-1

I'm trying to read some information from an excel-file using the xlrd-module. This works fine most of the time, but when the script encounters any scandinavian letters the script stops. I've been reading several posts about unicode and encoding, but I must admit I'm not familiar with it.

The cell I'm reading contains text (string) and is being read as unicode (as normal with xlrd). One example of a value that fails is Glørmestervej and it is read by xlrd as u'Gl\xf8mestervej. If I try to print the variable, the script stops. I've had most success by encoding the value with latin1:

print cellValue.encode("latin1")

which gives the result Glormestervej, but with a KeyError.

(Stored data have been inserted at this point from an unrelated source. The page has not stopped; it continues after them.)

lemma dsum_act_even:
  fixes u :: "nat \<Rightarrow> 'k::field"
  assumes "finite (bas V (src Q a))" "finite (bas W (src Q a))"
  shows "act Q (dsum V W) a u (2 * k) = act Q V a (\<lambda>k'. u (2 * k')) k"
proof -
  let ?E = "(\<lambda>i. 2 * i) ` bas V (src Q a)" and ?O = "(\<lambda>i. 2 * i + 1) ` bas W (src Q a)"
  let ?m = "mat (dsum V W) a (2 * k)"
  have "?E \<inter> ?O = {}" by auto presburger
  then have "(\<Sum>i\<in>?E \<union> ?O. ?m i * u i) = (\<Sum>i\<in>?E. ?m i * u i) + (\<Sum>i\<in>?O. ?m i * u i)"
    using assms by (simp add: sum.union_disjoint)
  also have "(\<Sum>i\<in>?O. ?m i * u i) = 0"
    by (rule sum.neutral) (auto simp: dsum_def)
  also have "(\<Sum>i\<in>?E. ?m i * u i) = (\<Sum>i\<in>bas V (src Q a). mat V a k i * u (2 * i))"
    by (subst sum.reindex) (auto simp: inj_on_def dsum_def)
  finally have "(\<Sum>i\<in>bas (dsum V W) (src Q a). ?m i * u i)
      = (\<Sum>i\<in>bas V (src Q a). mat V a k i * u (2 * i))"
    by (simp add: dsum_bas)
  moreover have "2 * k \<in> bas (dsum V W) (tgt Q a) \<longleftrightarrow> k \<in> bas V (tgt Q a)"
    by (auto simp: dsum_bas) presburger
  ultimately show ?thesis by (simp add: act_def)
qed

lemma dsum_act_odd:
  fixes u :: "nat \<Rightarrow> 'k::field"
  assumes "finite (bas V (src Q a))" "finite (bas W (src Q a))"
  shows "act Q (dsum V W) a u (2 * k + 1) = act Q W a (\<lambda>k'. u (2 * k' + 1)) k"
proof -
  let ?E = "(\<lambda>i. 2 * i) ` bas V (src Q a)" and ?O = "(\<lambda>i. 2 * i + 1) ` bas W (src Q a)"
  let ?m = "mat (dsum V W) a (2 * k + 1)"
  have "?E \<inter> ?O = {}" by auto presburger
  then have "(\<Sum>i\<in>?E \<union> ?O. ?m i * u i) = (\<Sum>i\<in>?E. ?m i * u i) + (\<Sum>i\<in>?O. ?m i * u i)"
    using assms by (simp add: sum.union_disjoint)
  also have "(\<Sum>i\<in>?E. ?m i * u i) = 0"
    by (rule sum.neutral) (auto simp: dsum_def)
  also have "(\<Sum>i\<in>?O. ?m i * u i) = (\<Sum>i\<in>bas W (src Q a). mat W a k i * u (2 * i + 1))"
    by (subst sum.reindex) (auto simp: inj_on_def dsum_def)
  finally have "(\<Sum>i\<in>bas (dsum V W) (src Q a). ?m i * u i)
      = (\<Sum>i\<in>bas W (src Q a). mat W a k i * u (2 * i + 1))"
    by (simp add: dsum_bas)
  moreover have "2 * k + 1 \<in> bas (dsum V W) (tgt Q a) \<longleftrightarrow> k \<in> bas W (tgt Q a)"
    by (auto simp: dsum_bas) presburger
  ultimately show ?thesis by (simp add: act_def)
qed

lemma dsum_act:
  fixes u :: "nat \<Rightarrow> 'k::field"
  assumes "finite (bas V (src Q a))" "finite (bas W (src Q a))"
  shows "act Q (dsum V W) a u t
    = act Q (if even t then V else W) a (\<lambda>k. u (2 * k + t mod 2)) (t div 2)"
proof (cases "even t")
  case True
  then show ?thesis using dsum_act_even[OF assms, of u "t div 2"] by simp
next
  case False
  then have "t mod 2 = 1" by presburger
  then show ?thesis using dsum_act_odd[OF assms, of u "t div 2"] False
    by (simp add: odd_two_times_div_two_succ)
qed

definition path_end :: "('q,'a) quiver \<Rightarrow> 'q \<Rightarrow> 'a list \<Rightarrow> 'q" where
  "path_end Q x p = (if p = [] then x else tgt Q (last p))"

lemma path_end_Nil [simp]: "path_end Q x [] = x"
  by (simp add: path_end_def)

lemma path_end_Cons [simp]: "path_end Q x (a # p) = path_end Q (tgt Q a) p"
  by (simp add: path_end_def)

lemma is_path_Nil [simp]: "is_path Q x [] \<longleftrightarrow> x \<in> verts Q"
  by (simp add: is_path_def)

lemma is_path_verts: "is_path Q x p \<Longrightarrow> x \<in> verts Q"
  by (simp add: is_path_def)

locale string_alg =
  fixes Q :: "('q,'a) quiver" and R :: "'a list set"
  assumes string_algebra: "string_algebra Q R"
begin

lemma src_in_verts: "a \<in> arrs Q \<Longrightarrow> src Q a \<in> verts Q"
  using string_algebra by (simp add: string_algebra_def finite_quiver_def)

lemma tgt_in_verts: "a \<in> arrs Q \<Longrightarrow> tgt Q a \<in> verts Q"
  using string_algebra by (simp add: string_algebra_def finite_quiver_def)

lemma finite_arrs: "finite (arrs Q)"
  using string_algebra by (simp add: string_algebra_def finite_quiver_def)

lemma relation_npath: "p \<in> R \<Longrightarrow> is_npath Q p \<and> 2 \<le> length p"
  using string_algebra by (auto simp: string_algebra_def admissible_monomial_def)

lemma relation_closed: "p \<in> R \<Longrightarrow> is_npath Q (u @ p @ w) \<Longrightarrow> u @ p @ w \<in> R"
  using string_algebra by (auto simp: string_algebra_def admissible_monomial_def)

lemma long_paths_in_relations: "\<exists>N. \<forall>ps. is_npath Q ps \<and> N \<le> length ps \<longrightarrow> ps \<in> R"
  using string_algebra by (auto simp: string_algebra_def admissible_monomial_def)

lemma relation_nonempty: "p \<in> R \<Longrightarrow> p \<noteq> []"
  using relation_npath by (auto simp: is_npath_def)

lemma subpath_notin_relations: "u @ p @ w \<notin> R \<Longrightarrow> is_npath Q (u @ p @ w) \<Longrightarrow> p \<notin> R"
  using relation_closed by blast

lemma is_path_Cons:
  "is_path Q x (a # p) \<longleftrightarrow> x \<in> verts Q \<and> a \<in> arrs Q \<and> src Q a = x \<and> is_path Q (tgt Q a) p"
proof
  assume H: "is_path Q x (a # p)"
  have "tgt Q (p ! i) = src Q (p ! Suc i)" if "Suc i < length p" for i
    using H that spec[of _ "Suc i"] unfolding is_path_def by auto
  moreover have "src Q (hd p) = tgt Q a" if "p \<noteq> []"
    using H that spec[of _ 0] unfolding is_path_def by (auto simp: hd_conv_nth)
  ultimately show "x \<in> verts Q \<and> a \<in> arrs Q \<and> src Q a = x \<and> is_path Q (tgt Q a) p"
    using H tgt_in_verts unfolding is_path_def by auto
next
  assume H: "x \<in> verts Q \<and> a \<in> arrs Q \<and> src Q a = x \<and> is_path Q (tgt Q a) p"
  have "tgt Q ((a # p) ! i) = src Q ((a # p) ! Suc i)" if i: "Suc i < length (a # p)" for i
    using H i unfolding is_path_def by (cases i) (auto simp: hd_conv_nth)
  then show "is_path Q x (a # p)" using H unfolding is_path_def by auto
qed

lemma is_path_append:
  "is_path Q x (p @ q) \<longleftrightarrow> is_path Q x p \<and> is_path Q (path_end Q x p) q"
proof (induction p arbitrary: x)
  case Nil
  show ?case by (cases q) (auto simp: is_path_Cons)
next
  case (Cons a p)
  then show ?case by (auto simp: is_path_Cons)
qed

lemma path_end_in_verts: "is_path Q x p \<Longrightarrow> path_end Q x p \<in> verts Q"
  by (induction p arbitrary: x) (auto simp: is_path_Cons)

lemma is_path_npath: "is_path Q x p \<Longrightarrow> p \<noteq> [] \<Longrightarrow> is_npath Q p"
  by (cases p) (auto simp: is_npath_def is_path_Cons)

lemma is_path_take: "is_path Q x p \<Longrightarrow> is_path Q x (take k p)"
  using is_path_append[of x "take k p" "drop k p"] by simp

lemma is_path_drop: "is_path Q x p \<Longrightarrow> is_path Q (path_end Q x (take k p)) (drop k p)"
  using is_path_append[of x "take k p" "drop k p"] by simp

lemma path_vertex_eq_path_end: "k \<le> length p \<Longrightarrow> path_vertex Q x p k = path_end Q x (take k p)"
  by (cases k) (auto simp: path_vertex_def path_end_def take_Suc_conv_app_nth)

lemma src_nth_eq_path_vertex:
  assumes p: "is_path Q x p" and k: "k < length p"
  shows "src Q (p ! k) = path_vertex Q x p k"
proof -
  have "drop k p = p ! k # drop (Suc k) p" using k by (simp add: Cons_nth_drop_Suc)
  then show ?thesis
    using is_path_drop[OF p, of k] k by (simp add: is_path_Cons path_vertex_eq_path_end)
qed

How do I get the variable to become a string with ø instead of \xf8? The reason is that I need to use it as an input to another service and it does not seem to work using unicode.

Regards, Torbjørn

  • 1
    `u'Gl\xf8mestervej' == u'Glømestervej'` – Stop harming Monica Oct 18 '17 at 14:10
  • You may find this article helpful: [Pragmatic Unicode](http://nedbatchelder.com/text/unipain.html), which was written by SO veteran Ned Batchelder. BTW, if you migrate to Python 3 you'll get much saner Unicode handling. – PM 2Ring Oct 18 '17 at 14:25
  • 1
    With `s=u'Gl\xf8mestervej'` then `print s` _should_ work correctly to output `Glømestervej`, if your terminal is using an encoding (and font) that can handle `ø` . But you can also encode it explicitly with `print s.encode('utf-8')`, assuming that your terminal is correctly set to use UTF-8 encoding. – PM 2Ring Oct 18 '17 at 14:32
  • @PM2Ring Thank you for the article. Unfortunatly it's not possible to migrate to Python 3 at the moment, since ArcGIS (in which the script is run) doesn't support it yet. By using encode('utf-8') print displays `GlA,rmestervej`, and without encoding the program just stops. No exception is thrown. – Torbjørn Dallokken Oct 18 '17 at 14:34
  • 1
    "just stops" is odd. Assuming Windows, `print u'Gl\xf8metervej` should raise a traceback if the character isn't supported in the default encoding. I installed `xlrd`, created a worksheet with that word in it, read it with `xlrd`, and printed it and got a Traceback. I switched the console encoding (via the shell `chcp` command in Windows) to one that supported `ø` and it printed correctly. The problem must be in code not shown. – Mark Tolonen Oct 18 '17 at 16:29
  • Thanks for you comments, @MarkTolonen. I've found something interesting. I've been using Visual Studio Python Development Tools for creating the script and debugging and the output from here is wrong. Now I've tried running the script in IDLE (included with ArcGIS) and the script runs correct. – Torbjørn Dallokken Oct 19 '17 at 06:43

1 Answers1

0

I'm happy to say the problem have been solved, in fact there were not any error after all. There were some permission-issues with the user that I used for calling the service in which the variable was used. Thank you for your response!